AI Development Challenges
These days artificial intelligence (AI) integration into solutions is one of the routine challenges of a Software Developer. In the early days of AI understanding algorithms and coding an entire machine learning framework was mission critical and usually within a small timeframe. Failure to produce an artificial intelligence was always an option, with many Developers not understanding how to create a coherent statistical analysis neural network that was optimised for its specific usage, not understanding how to iteratively assess a node effectively or the number of layers. Challenges of using poorly selected algorithms due to ambiguity, stopping machine learning processes too fast and producing error outside the model tolerance, error of design through poor user research and the list goes on.
These days Software Developers in a relatively short space of time have extensive domain knowledge freely available to them. Templated models created in controlled environments that can be disseminated to a whole team of Developers within the space of a few minutes. Need to create something complex and resource intensive, this can be uploaded to a cloud server and the machine learning (ML) for your project created extensively faster than on site.
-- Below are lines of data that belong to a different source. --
theorem lemma2p2p1:
  fixes W1 :: "('g, 'c) monoid_scheme" and W :: "('w, 'd) monoid_scheme"
    and M :: "('m, 'e) monoid_scheme"
    and Waff S \<Omega> :: "'w set" and T :: "'g set"
    and \<pi> :: "'g \<Rightarrow> 'w" and n :: "'w \<Rightarrow> 'g" and act :: "'g \<Rightarrow> 'm \<Rightarrow> 'm"
  assumes "pro_p_coxeter W1 W Waff S \<Omega> T \<pi> n"
    and "group M"
    and "aut_action W1 M act"
  defines "\<Omega>1 \<equiv> {g \<in> carrier W1. \<pi> g \<in> \<Omega>}"
  defines "res \<equiv> (\<lambda>\<phi>. ((\<lambda>s\<in>S. \<phi> (n s)), (\<lambda>u\<in>\<Omega>1. \<phi> u)))"
  shows "inj_on res (Z1 W1 (carrier W1) M act) \<and>
    res ` Z1 W1 (carrier W1) M act =
      {(\<sigma>, \<rho>). \<sigma> \<in> S \<rightarrow>\<^sub>E carrier M \<and> \<rho> \<in> Z1 W1 \<Omega>1 M act \<and>
        (\<forall>s\<in>S. \<sigma> s \<otimes>\<^bsub>M\<^esub> act (n s) (\<sigma> s) = \<rho> (n s \<otimes>\<^bsub>W1\<^esub> n s)) \<and>
        (\<forall>u\<in>\<Omega>1. \<forall>s\<in>S.
           (let us = \<pi> u \<otimes>\<^bsub>W\<^esub> s \<otimes>\<^bsub>W\<^esub> inv\<^bsub>W\<^esub> (\<pi> u);
                tsu = inv\<^bsub>W1\<^esub> u \<otimes>\<^bsub>W1\<^esub> inv\<^bsub>W1\<^esub> (n us) \<otimes>\<^bsub>W1\<^esub> u \<otimes>\<^bsub>W1\<^esub> n s
            in \<rho> u \<otimes>\<^bsub>M\<^esub> act u (\<sigma> s)
                 = \<sigma> us \<otimes>\<^bsub>M\<^esub> act (n us) (\<rho> (u \<otimes>\<^bsub>W1\<^esub> tsu)))) \<and>
        (\<forall>s\<in>S. \<forall>t\<in>S. mcox W s t \<noteq> 0 \<longrightarrow>
           mprod M (map (\<lambda>k. act (mprod W1 (map n (take k (alt s t (mcox W s t)))))
                                 (\<sigma> (alt s t (mcox W s t) ! k))) [0..<mcox W s t])
         = mprod M (map (\<lambda>k. act (mprod W1 (map n (take k (alt t s (mcox W s t)))))
                                 (\<sigma> (alt t s (mcox W s t) ! k))) [0..<mcox W s t]))}"
proof -
  interpret pro_p_coxeter_action W1 W Waff S \<Omega> T \<pi> n M act
    using assms(1-3) by (rule pro_p_coxeter_action.intro)
  have \<Omega>1: "\<Omega>1 = Omega1"
    unfolding \<Omega>1_def Omega1_def ..
  have res: "res = restriction"
    unfolding res_def restriction_def \<Omega>1 ..
  show ?thesis
    unfolding res \<Omega>1 restriction_image compatible_iff[abs_def]
    using restriction_inj by (rule conjI) (rule HOL.refl) \<comment> \<open>plain refl is cox_equiv.refl here\<close>
qed

end
lemma card_spanning_subsets_ge:
  assumes Z: "finite Z" "cyc Z = Z" and s: "rk Z \<le> s" "s < card Z"
  shows "s + 1 \<le> card {S. S \<subseteq> Z \<and> card S = s \<and> rk S = rk Z}" (is "_ \<le> card ?SP")
proof -
  obtain S0 where S0: "S0 \<subseteq> Z" "card S0 = s" "rk S0 = rk Z"
    using exists_spanning_subset[OF Z(1) s(1)] s(2) by auto
  have fS0: "finite S0" using S0 Z finite_subset by blast
  have exchange: "\<forall>e\<in>S0. \<exists>f. f \<in> Z - S0 \<and> rk (insert f (S0 - {e})) = rk Z"
    using spanning_exchange[OF Z S0(1,3)] S0 s by blast
  from bchoice[OF exchange] obtain g
    where g: "\<forall>e\<in>S0. g e \<in> Z - S0 \<and> rk (insert (g e) (S0 - {e})) = rk Z" by blast
  define h where "h e = insert (g e) (S0 - {e})" for e
  txt \<open>\<open>S0\<close> together with its \<open>s\<close> one-element exchanges are \<open>s + 1\<close> distinct spanning sets.\<close>
  have "h e \<in> ?SP" if e: "e \<in> S0" for e
  proof -
    have ge: "g e \<in> Z - S0" "rk (h e) = rk Z" using g e unfolding h_def by auto
    then have "card (h e) = Suc (card (S0 - {e}))" unfolding h_def using fS0 by simp
    also have "\<dots> = s" using card.remove[OF fS0 e] S0(2) by simp
    finally show ?thesis using ge e S0(1) unfolding h_def by blast
  qed
  then have "insert S0 (h ` S0) \<subseteq> ?SP" using S0 by blast
  moreover have "card (insert S0 (h ` S0)) = s + 1"
  proof -
    have trace: "h e \<inter> S0 = S0 - {e}" if "e \<in> S0" for e using g that unfolding h_def by auto
    have "inj_on h S0"
    proof (rule inj_onI)
      fix e1 e2 assume e: "e1 \<in> S0" "e2 \<in> S0" "h e1 = h e2"
      then have "S0 - {e1} = S0 - {e2}" using trace[OF e(1)] trace[OF e(2)] by simp
      then show "e1 = e2" using e(1) by blast
    qed
    moreover have "S0 \<notin> h ` S0" using g unfolding h_def by auto
    ultimately show ?thesis using fS0 S0(2) by (simp add: card_image)
  qed
  moreover have "finite ?SP" by (rule finite_subset[of _ "Pow Z"]) (use Z in auto)
  ultimately show ?thesis using card_mono by metis
qed
lemma ergodic_average:
  fixes K :: nat
  defines "S \<equiv> \<Sum>k\<le>K. sigma k"
    and "sK \<equiv> (1 / (\<Sum>k\<le>K. sigma k)) *\<^sub>R (\<Sum>k\<le>K. sigma k *\<^sub>R s k)"
  shows "0 < S" and "sK \<in> edom f"
    and "S * (real_of_ereal (f sK) + inner (A *v sK - b) w)
      \<le> (\<Sum>k\<le>K. sigma k * (real_of_ereal (f (s k)) + inner (A *v s k - b) w))"
proof -
  show S: "0 < S"
    unfolding S_def using sigma_pos by (intro sum_pos) auto
  have weights: "(\<Sum>k\<le>K. sigma k / S) = 1" "\<And>k. 0 \<le> sigma k / S"
    using S sigma_pos[THEN less_imp_le] by (auto simp: S_def simp flip: sum_divide_distrib)
  have sK: "sK = (\<Sum>k\<le>K. (sigma k / S) *\<^sub>R s k)"
    by (simp add: sK_def S_def scaleR_sum_right)
  have s_f: "s k \<in> edom f" for k
    using kkt_neg_cone_lagrangian_gap(1)[OF cone kkt_step] .
  have conv: "convex_on (edom f) (\<lambda>z. real_of_ereal (f z))"
    using econvex_convex_on_edom[OF f] .
  show "sK \<in> edom f"
    unfolding sK using convex_on_imp_convex[OF conv] weights s_f by (intro convex_sum) auto
  have "real_of_ereal (f sK) \<le> (\<Sum>k\<le>K. (sigma k / S) * real_of_ereal (f (s k)))"
    unfolding sK using conv weights s_f by (intro convex_on_sum) auto
  moreover have "inner (A *v sK - b) w = (\<Sum>k\<le>K. (sigma k / S) * inner (A *v s k - b) w)"
  proof -
    have "A *v sK = (\<Sum>k\<le>K. (sigma k / S) *\<^sub>R (A *v s k))"
      unfolding sK by (simp add: linear_sum[OF matrix_vector_mul_linear] matrix_vector_mult_scaleR o_def)
    then have "inner (A *v sK - b) w
        = (\<Sum>k\<le>K. (sigma k / S) * inner (A *v s k) w) - (\<Sum>k\<le>K. sigma k / S) * inner b w"
      using weights(1) by (simp add: inner_sum_left inner_diff_left)
    then show ?thesis
      by (simp add: inner_diff_left right_diff_distrib sum_subtractf sum_distrib_right)
  qed
  ultimately have "real_of_ereal (f sK) + inner (A *v sK - b) w
      \<le> (\<Sum>k\<le>K. sigma k * (real_of_ereal (f (s k)) + inner (A *v s k - b) w)) / S"
    by (simp add: distrib_left sum.distrib add_divide_distrib flip: sum_divide_distrib)
  then show "S * (real_of_ereal (f sK) + inner (A *v sK - b) w)
      \<le> (\<Sum>k\<le>K. sigma k * (real_of_ereal (f (s k)) + inner (A *v s k - b) w))"
    using S by (simp add: pos_le_divide_eq mult.commute)
qed

lemma ergodic_lagrangian_gap:
  fixes K :: nat
  assumes z: "z \<in> edom psi" "z \<in> edom f" "\<And>w. w \<in> dual_cone C \<Longrightarrow> inner (A *v z - b) w \<le> 0"
    and w: "w \<in> dual_cone C"
  defines "S \<equiv> \<Sum>k\<le>K. sigma k"
    and "sK \<equiv> (1 / (\<Sum>k\<le>K. sigma k)) *\<^sub>R (\<Sum>k\<le>K. sigma k *\<^sub>R s k)"
  shows "ereal (S * (real_of_ereal (f sK) - real_of_ereal (f z) + inner (A *v sK - b) w))
    \<le> bregman psi z (x 0) + bregman phi w (y 0)"
proof -
  have "(\<Sum>k\<le>K. sigma k * real_of_ereal (f z)) = S * real_of_ereal (f z)"
    by (simp add: S_def sum_distrib_right)
  then have "S * (real_of_ereal (f sK) - real_of_ereal (f z) + inner (A *v sK - b) w)
      = S * (real_of_ereal (f sK) + inner (A *v sK - b) w) - (\<Sum>k\<le>K. sigma k * real_of_ereal (f z))"
    by (simp add: algebra_simps)
  also have "\<dots> \<le> (\<Sum>k\<le>K. sigma k * (real_of_ereal (f (s k)) + inner (A *v s k - b) w))
      - (\<Sum>k\<le>K. sigma k * real_of_ereal (f z))"
    using ergodic_average(3) unfolding S_def sK_def by simp
  also have "\<dots> = (\<Sum>k\<le>K. sigma k * (real_of_ereal (f (s k)) - real_of_ereal (f z) + inner (A *v s k - b) w))"
    by (simp add: algebra_simps sum_subtractf sum.distrib)
  also have "\<dots> \<le> bregman_real psi z (x 0) + bregman_real phi w (y 0)"
    by (rule lagrangian_gap_sum[OF z w])
  finally show ?thesis
    using w dual_cone_dom
    by (simp add: bregman_eq_bregman_real psi(1) phi(1) z(1) x0 y0 subset_iff)
qed

lemma ergodic_rate:
  fixes K :: nat
  assumes C: "closed C" "convex C"
    and saddle: "saddle_point f (eindicator (uminus ` C)) A b xs ys" and xs: "xs \<in> edom psi"
  defines "S \<equiv> \<Sum>k\<le>K. sigma k"
    and "sK \<equiv> (1 / (\<Sum>k\<le>K. sigma k)) *\<^sub>R (\<Sum>k\<le>K. sigma k *\<^sub>R s k)"
  shows "max \<bar>f sK - f xs\<bar> (ereal (infdist (A *v sK - b) (uminus ` C)))
    \<le> (bregman psi xs (x 0) + (SUP w\<in>dual_cone C \<inter> cball 0 (2 * norm ys + 1). bregman phi w (y 0)))
       / ereal S"
proof -
  note xs_ys = saddle_point_neg_cone[OF f(1) cone saddle]
  obtain r where r: "f xs = ereal r"
    using eproper_edom_eq_ereal[OF f(1) xs_ys(1)] by (rule that)
  obtain a where a: "f sK = ereal a"
    using eproper_edom_eq_ereal[OF f(1) ergodic_average(2)[of K, folded sK_def]] by (rule that)
  have "0 \<le> a - r + inner (A *v sK - b) ys"
    using xs_ys(5)[of sK] a r by simp
  moreover have "ereal (S * (a - r + inner (A *v sK - b) w))
      \<le> bregman psi xs (x 0) + bregman phi w (y 0)" if "w \<in> dual_cone C" for w
    using ergodic_lagrangian_gap[OF xs xs_ys(1) xs_ys(4) that, of K] a r
    unfolding S_def sK_def by simp
  ultimately have "max (ereal \<bar>a - r\<bar>) (ereal (infdist (A *v sK - b) (uminus ` C)))
      \<le> (bregman psi xs (x 0) + (SUP w\<in>dual_cone C \<inter> cball 0 (2 * norm ys + 1). bregman phi w (y 0)))
         / ereal S"
    by (rule gap_infeasibility_bound[OF C cone ergodic_average(1)[of K, folded S_def] xs_ys(2)])
  then show ?thesis
    using a r by simp
qed

end
theorem mainTheorem18:
  fixes \<sigma> :: "'a topology" and \<tau> :: "'a \<Rightarrow> 'a \<Rightarrow> ennreal"
  assumes "lorentzian_metric_space \<sigma> \<tau>"
    and "separable_lms \<tau>"
    and "chronologically_dense \<sigma> \<tau>"
    and "S_property \<tau>"
  shows "lsc_on (prod_topology (sigma_chr \<tau>) (sigma_chr \<tau>)) (\<lambda>(x, y). tau_bar \<tau> x y)"
  unfolding lsc_on_def
proof
  fix t :: ennreal
  let ?X = "prod_topology (sigma_chr \<tau>) (sigma_chr \<tau>)"
  let ?U = "\<lambda>a. {z \<in> c_completion \<tau>. a \<in> snd z}" and ?V = "\<lambda>b. {z \<in> c_completion \<tau>. b \<in> fst z}"
  have rt: "reverse_triangle \<tau>"
    using assms(1) by (rule reverse_triangle_if_lorentzian_metric_space)
  have "{z \<in> topspace ?X. t < (case z of (x, y) \<Rightarrow> tau_bar \<tau> x y)}
      = (\<Union>(a, b)\<in>{(a, b). t < \<tau> a b}. ?U a \<times> ?V b)"
    using less_tau_bar_iff[OF rt assms(2)] by (auto simp: topspace_sigma_chr) blast+
  moreover have "openin ?X (?U a \<times> ?V b)" for a b
    by (simp add: openin_prod_Times_iff openin_sigma_chr_snd_mem openin_sigma_chr_fst_mem)
  ultimately show "openin ?X {z \<in> topspace ?X. t < (case z of (x, y) \<Rightarrow> tau_bar \<tau> x y)}"
    by auto
qed

end
(* Let $D$ and $E$ be finite sets with $|D|,|E|\ge 2$, let $P:D\times E\to\{0,1\}$ be a binary predicate, and let $0<\varepsilon<1$. (1) If there exist a two-element subset $B\subseteq D$ and a two-element subset $C\subseteq E$ such that $P|_{B\times C}$ is a singleton, then there exists an instance $I$ of $\mathrm{CSP}(P)$ such that every $\varepsilon$-sparsifier of $I$ has $\Omega(n^2)$ constraints, where $n$ is the number of variables of $I$ (i.e., there is a constant $c>0$ such that for infinitely many $n$ there is such an instance on $n$ variables with all $\varepsilon$-sparsifiers having at least $cn^2$ constraints). (2) Otherwise, for every instance $I$ of $\mathrm{CSP}(P)$ on $n$ variables there exists an $\varepsilon$-sparsifier of $I$ with $O(\varepsilon^{-2}n)$ constraints, where the implied constant does not depend on $I$, $n$ or $\varepsilon$.
   Context: An instance of $\mathrm{CSP}(P)$ for $P:D\times E\to\{0,1\}$ is $I=(V,\Pi,w)$ with $V$ a finite set of $n=|V|$ variables, $\Pi$ a set of constraints $\langle(u,v),P\rangle$ with $u,v\in V$ distinct, and $w:\Pi\to\mathbb{R}_{>0}$. An assignment $A:V\to D\cup E$ is valid if each variable receives a label lying in the intersection of the domains of the constraint positions it occupies: $A(u)\in D$ whenever $u$ is the first variable of some constraint and $A(v)\in E$ whenever $v$ is the second variable of some constraint. $\mathrm{Val}_I(A)=\sum_{\pi=\langle(u,v),P\rangle\in\Pi}w(\pi)P(A(u),A(v))$. An $\varepsilon$-sparsifier of $I$ is $I_\varepsilon=(V,\Pi_\varepsilon,w_\varepsilon)$ with $\Pi_\varepsilon\subseteq\Pi$, $w_\varepsilon:\Pi_\varepsilon\to\mathbb{R}_{>0}$, such that for every valid assignment $A$ of $I$, $(1-\varepsilon)\mathrm{Val}_I(A)\le\mathrm{Val}_{I_\varepsilon}(A)\le(1+\varepsilon)\mathrm{Val}_I(A)$; its number of constraints is $|\Pi_\varepsilon|$. A predicate is a singleton if exactly one tuple is mapped to $1$; $P|_{B\times C}$ is the restriction of $P$ to $B\times C$. *)

theory Defs
  imports Complex_Main
begin

text \<open>Since the predicate P is fixed, a constraint is identified with its ordered pair of
  (distinct) variables (u,v); an instance is (V, Cs, w) with Cs a set of such pairs.
  The predicate P : D x E -> {0,1} is a boolean function on a common label type 'a;
  its values outside D x E never matter for valid assignments.\<close>

definition csp_instance :: "'v set \<Rightarrow> ('v \<times> 'v) set \<Rightarrow> ('v \<times> 'v \<Rightarrow> real) \<Rightarrow> bool" where
  "csp_instance V Cs w \<longleftrightarrow> finite V \<and> Cs \<subseteq> {(u, v). u \<in> V \<and> v \<in> V \<and> u \<noteq> v}
     \<and> (\<forall>c\<in>Cs. w c > 0)"

definition valid_assignment :: "'a set \<Rightarrow> 'a set \<Rightarrow> 'v set \<Rightarrow> ('v \<times> 'v) set \<Rightarrow> ('v \<Rightarrow> 'a) \<Rightarrow> bool" where
  "valid_assignment D E V Cs A \<longleftrightarrow> (\<forall>v\<in>V. A v \<in> D \<union> E)
     \<and> (\<forall>(u, v)\<in>Cs. A u \<in> D \<and> A v \<in> E)"

definition csp_val :: "('a \<Rightarrow> 'a \<Rightarrow> bool) \<Rightarrow> ('v \<times> 'v) set \<Rightarrow> ('v \<times> 'v \<Rightarrow> real) \<Rightarrow> ('v \<Rightarrow> 'a) \<Rightarrow> real" where
  "csp_val P Cs w A = (\<Sum>(u, v)\<in>Cs. w (u, v) * (if P (A u) (A v) then 1 else 0))"

definition is_sparsifier ::
  "'a set \<Rightarrow> 'a set \<Rightarrow> ('a \<Rightarrow> 'a \<Rightarrow> bool) \<Rightarrow> real \<Rightarrow> 'v set \<Rightarrow> ('v \<times> 'v) set \<Rightarrow> ('v \<times> 'v \<Rightarrow> real)
    \<Rightarrow> ('v \<times> 'v) set \<Rightarrow> ('v \<times> 'v \<Rightarrow> real) \<Rightarrow> bool" where
  "is_sparsifier D E P \<epsilon> V Cs w Cs' w' \<longleftrightarrow> Cs' \<subseteq> Cs \<and> (\<forall>c\<in>Cs'. w' c > 0)
     \<and> (\<forall>A. valid_assignment D E V Cs A \<longrightarrow>
          (1 - \<epsilon>) * csp_val P Cs w A \<le> csp_val P Cs' w' A
        \<and> csp_val P Cs' w' A \<le> (1 + \<epsilon>) * csp_val P Cs w A)"

definition has_singleton_2x2 :: "'a set \<Rightarrow> 'a set \<Rightarrow> ('a \<Rightarrow> 'a \<Rightarrow> bool) \<Rightarrow> bool" where
  "has_singleton_2x2 D E P \<longleftrightarrow> (\<exists>B C. B \<subseteq> D \<and> card B = 2 \<and> C \<subseteq> E \<and> card C = 2
     \<and> card {(b, c). b \<in> B \<and> c \<in> C \<and> P b c} = 1)"

end

theory Submission
  imports Defs "Jordan_Normal_Form.Determinant" "Jordan_Normal_Form.Gauss_Jordan_Elimination"
begin

text \<open>If \<open>P\<close> restricted to \<open>{b\<^sub>1, b\<^sub>2} \<times> {c\<^sub>1, c\<^sub>2}\<close> is the singleton \<open>{(b\<^sub>1, c\<^sub>1)}\<close>, take
  the complete bipartite instance on \<open>m + m\<close> variables. For each constraint \<open>(u, v)\<close>, the
  assignment \<open>u \<mapsto> b\<^sub>1\<close>, \<open>v \<mapsto> c\<^sub>1\<close>, every other variable to \<open>b\<^sub>2\<close> or \<open>c\<^sub>2\<close>, satisfies \<open>(u, v)\<close>
  alone, so every sparsifier keeps all \<open>m\<^sup>2\<close> constraints.

  Otherwise the sets \<open>{b. \<not> P a b}\<close> are pairwise equal or disjoint, so \<open>P a b\<close> holds iff two
  labels of \<open>a\<close> and \<open>b\<close> differ. The value of an assignment is then half the sum, over all labels,
  of the Laplacian quadratic forms of the label indicators on the bipartite double cover of the
  instance, so a spectral sparsifier of that graph is a CSP sparsifier. Graphs on \<open>N\<close> vertices
  have spectral sparsifiers with \<open>O(N/\<epsilon>\<^sup>2)\<close> edges: sparsify each connected component separately,
  using the barrier-potential method of Batson, Spielman and Srivastava for the incidence vectors
  grounded at a root vertex, which span.\<close>

section \<open>Positive definite matrices\<close>

definition quad_form :: "real mat \<Rightarrow> real vec \<Rightarrow> real" where
  "quad_form A x = x \<bullet> (A *\<^sub>v x)"

definition pos_def :: "nat \<Rightarrow> real mat \<Rightarrow> bool" where
  "pos_def n A \<longleftrightarrow> A \<in> carrier_mat n n \<and> transpose_mat A = A \<and>
     (\<forall>x\<in>carrier_vec n. x \<noteq> 0\<^sub>v n \<longrightarrow> quad_form A x > 0)"

definition pos_semidef :: "nat \<Rightarrow> real mat \<Rightarrow> bool" where
  "pos_semidef n A \<longleftrightarrow> A \<in> carrier_mat n n \<and> transpose_mat A = A \<and>
     (\<forall>x\<in>carrier_vec n. quad_form A x \<ge> 0)"

definition mat_inv :: "real mat \<Rightarrow> real mat" where
  "mat_inv A = the (mat_inverse A)"

definition mat_trace :: "real mat \<Rightarrow> real" where
  "mat_trace A = (\<Sum>i<dim_row A. A $$ (i, i))"

lemma mat_trace_one: "mat_trace (1\<^sub>m n) = real n"
  unfolding mat_trace_def by simp

lemma pos_def_imp_pos_semidef: "pos_def n A \<Longrightarrow> pos_semidef n A"
  unfolding pos_def_def pos_semidef_def quad_form_def
  by (metis mult_mat_vec_carrier scalar_prod_left_zero less_eq_real_def order_refl)

lemma symmetric_scalar_prod_swap:
  fixes A :: "real mat"
  assumes A: "A \<in> carrier_mat n n" and sym: "transpose_mat A = A"
    and x: "x \<in> carrier_vec n" and y: "y \<in> carrier_vec n"
  shows "x \<bullet> (A *\<^sub>v y) = y \<bullet> (A *\<^sub>v x)"
proof -
  have "x \<bullet> (A *\<^sub>v y) = (transpose_mat A *\<^sub>v x) \<bullet> y"
    by (rule transpose_vec_mult_scalar[OF A y x, symmetric])
  also have "\<dots> = y \<bullet> (A *\<^sub>v x)"
    using sym A x y by (simp add: comm_scalar_prod[of _ n])
  finally show ?thesis .
qed

lemma pos_def_det_nonzero: "pos_def n A \<Longrightarrow> det A \<noteq> 0"
  using det_0_iff_vec_prod_zero_field[of A n]
  unfolding pos_def_def quad_form_def by fastforce

lemma pos_def_mat_inv:
  assumes "pos_def n A"
  shows "mat_inv A \<in> carrier_mat n n" "A * mat_inv A = 1\<^sub>m n" "mat_inv A * A = 1\<^sub>m n"
proof -
  have A: "A \<in> carrier_mat n n" using assms unfolding pos_def_def by auto
  have "A \<in> Units (ring_mat TYPE(real) n ())"
    by (rule det_non_zero_imp_unit[OF A pos_def_det_nonzero[OF assms]])
  then obtain B where B: "mat_inverse A = Some B"
    using mat_inverse(1)[OF A, of "()"] by (cases "mat_inverse A") auto
  then show "mat_inv A \<in> carrier_mat n n" "A * mat_inv A = 1\<^sub>m n" "mat_inv A * A = 1\<^sub>m n"
    using mat_inverse(2)[OF A B] unfolding mat_inv_def by auto
qed

lemma transpose_mat_inv:
  assumes "pos_def n A" shows "transpose_mat (mat_inv A) = mat_inv A"
proof -
  have A: "A \<in> carrier_mat n n" and sym: "transpose_mat A = A"
    using assms unfolding pos_def_def by auto
  note inv = pos_def_mat_inv[OF assms]
  have Ti: "transpose_mat (mat_inv A) \<in> carrier_mat n n" using inv(1) by simp
  have left_inv: "transpose_mat (mat_inv A) * A = 1\<^sub>m n"
    using transpose_mult[OF A inv(1)] inv(2) sym by simp
  have "transpose_mat (mat_inv A) = transpose_mat (mat_inv A) * (A * mat_inv A)"
    using inv(2) Ti by simp
  also have "\<dots> = (transpose_mat (mat_inv A) * A) * mat_inv A"
    using assoc_mult_mat[OF Ti A inv(1)] by simp
  finally show ?thesis using left_inv inv(1) by simp
qed

lemma pos_def_mat_inv_pos_def:
  assumes "pos_def n A" shows "pos_def n (mat_inv A)"
proof -
  have A: "A \<in> carrier_mat n n" using assms unfolding pos_def_def by auto
  note inv = pos_def_mat_inv[OF assms]
  have "quad_form (mat_inv A) x > 0" if x: "x \<in> carrier_vec n" "x \<noteq> 0\<^sub>v n" for x
  proof -
    define y where "y = mat_inv A *\<^sub>v x"
    have y: "y \<in> carrier_vec n" unfolding y_def using inv x by simp
    have Ay: "A *\<^sub>v y = x" unfolding y_def using inv x A
      by (metis assoc_mult_mat_vec one_mult_mat_vec)
    then have "y \<noteq> 0\<^sub>v n" using x A by auto
    then have "quad_form A y > 0" using assms y unfolding pos_def_def by auto
    then show ?thesis
      using Ay x y comm_scalar_prod[of x n y] unfolding quad_form_def y_def by simp
  qed
  then show ?thesis unfolding pos_def_def using inv transpose_mat_inv[OF assms] by auto
qed

lemma pos_semidef_cauchy_schwarz:
  assumes "pos_semidef n A" and x: "x \<in> carrier_vec n" and y: "y \<in> carrier_vec n"
  shows "(x \<bullet> (A *\<^sub>v y))^2 \<le> quad_form A x * quad_form A y"
proof -
  have A: "A \<in> carrier_mat n n" and sym: "transpose_mat A = A"
    using assms unfolding pos_semidef_def by auto
  let ?a = "quad_form A y" and ?b = "x \<bullet> (A *\<^sub>v y)" and ?c = "quad_form A x"
  have expand: "quad_form A (x + t \<cdot>\<^sub>v y) = ?c + 2 * t * ?b + t^2 * ?a" for t
  proof -
    have "A *\<^sub>v (x + t \<cdot>\<^sub>v y) = A *\<^sub>v x + t \<cdot>\<^sub>v (A *\<^sub>v y)"
      using A x y by (simp add: mult_add_distrib_mat_vec mult_mat_vec)
    then have "quad_form A (x + t \<cdot>\<^sub>v y)
        = ?c + t * ?b + t * (y \<bullet> (A *\<^sub>v x)) + t * t * ?a"
      unfolding quad_form_def using A x y
      by (simp add: add_scalar_prod_distrib[of _ n] scalar_prod_add_distrib[of _ n] algebra_simps)
    then show ?thesis
      using symmetric_scalar_prod_swap[OF A sym y x] by (simp add: power2_eq_square)
  qed
  have nonneg: "?c + 2 * t * ?b + t^2 * ?a \<ge> 0" for t
  proof -
    have "quad_form A (x + t \<cdot>\<^sub>v y) \<ge> 0" using assms x y unfolding pos_semidef_def by simp
    then show ?thesis using expand by simp
  qed
  show ?thesis
  proof (cases "?a = 0")
    case True
    have "?b = 0"
    proof (rule ccontr)
      assume "?b \<noteq> 0"
      then show False using nonneg[of "- (?c + 1) / (2 * ?b)"] True by (simp add: field_simps)
    qed
    then show ?thesis using True by simp
  next
    case False
    then have a: "?a > 0" using assms y unfolding pos_semidef_def by force
    have "?c - ?b^2 / ?a \<ge> 0"
      using nonneg[of "- ?b / ?a"] a by (simp add: power2_eq_square field_simps)
    then show ?thesis using a by (simp add: field_simps)
  qed
qed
The staple of online AI applications these days are modelled on the Software as a Service (SaaS) leveraging cloud real-time AI while the end user only needs a light-weight application that can be run on practically any device practically anywhere. For offline edge devices such as ‘assisted driving’ cars and manufacturing real-time inline quality inspection devices where connectivity to a server may be intermittent or cause too much lag AI ML is conducted first and then the AI placed into the product solution. This means the neural network weighting values are iteratively optimised based upon a dataset without further modification when shipped.
What is an AI Software Development Kit (SDK) Toolchain?
Deep learning SDKs are development kits that contain tools, coded functions, that can be called by the Software Developer to produce solutions quickly. Many AI solutions whether online or offline are created in standardised environments such as Docker. TensorFlow utilises it to its advantage as it allows team sharing during the development phase while also allowing a form of standardisation for deployment on hardware, while not the only way to work it can be very quick to integrate AI. What does this mean, well unlike virtual machines (VM) that identify and allocate resource based on a particular hardware build, these environment frameworks allow for unification at the operating system up while the hardware and system firmware can be very different.
So, what does this environment standardisation allow for deployment. Well, this is where AI software SDK toolchains become effective. The user trained neural network is high level. To get the hardware to interact with it a compiler is used between the hardware and the software and works as a profiler and emulator through various sublayers.
To optimise the solution a dedicated AI processor is typically housed on a PCIe card allowing it to be used in many diverse solutions with sensor input being taken by a regular CPU and pushed to the PCIe card for analysis and then fed back accordingly.
Another interesting feature of this type of AI SDK Toolchain is that by replacing the neural network standardised environment you instantly reused or recycled the device to perform a different operation. One day it could be used as a retail security system, identifying people and objects in store through a camera system mainboard, then quickly changed to conduct thermal sensing of customers during future pandemics as necessary requires.
An Exciting Future
What if you fail to sell an original product containing the hardware, well as it is mounted using PCIe it can be remounted in another product and given another neural network. This also allows for interesting business models to become achievable through deep learning SDKs. Perhaps in future more AI based devices will not be sold but provided as part of a service contract similar to a photocopier. The modular nature and dexterity of the Toolchain allows for newer products to user older hardware. When a photocopier is renewed after the end of a service contract it is usually through a restyled exterior and only key wearable parts. The possibilities due to the modular nature of both the AI SDK Toolchain and modular hardware and dedicated AI processor options a very exciting and sustainable place for users and a much more efficient working environment for Software Developers.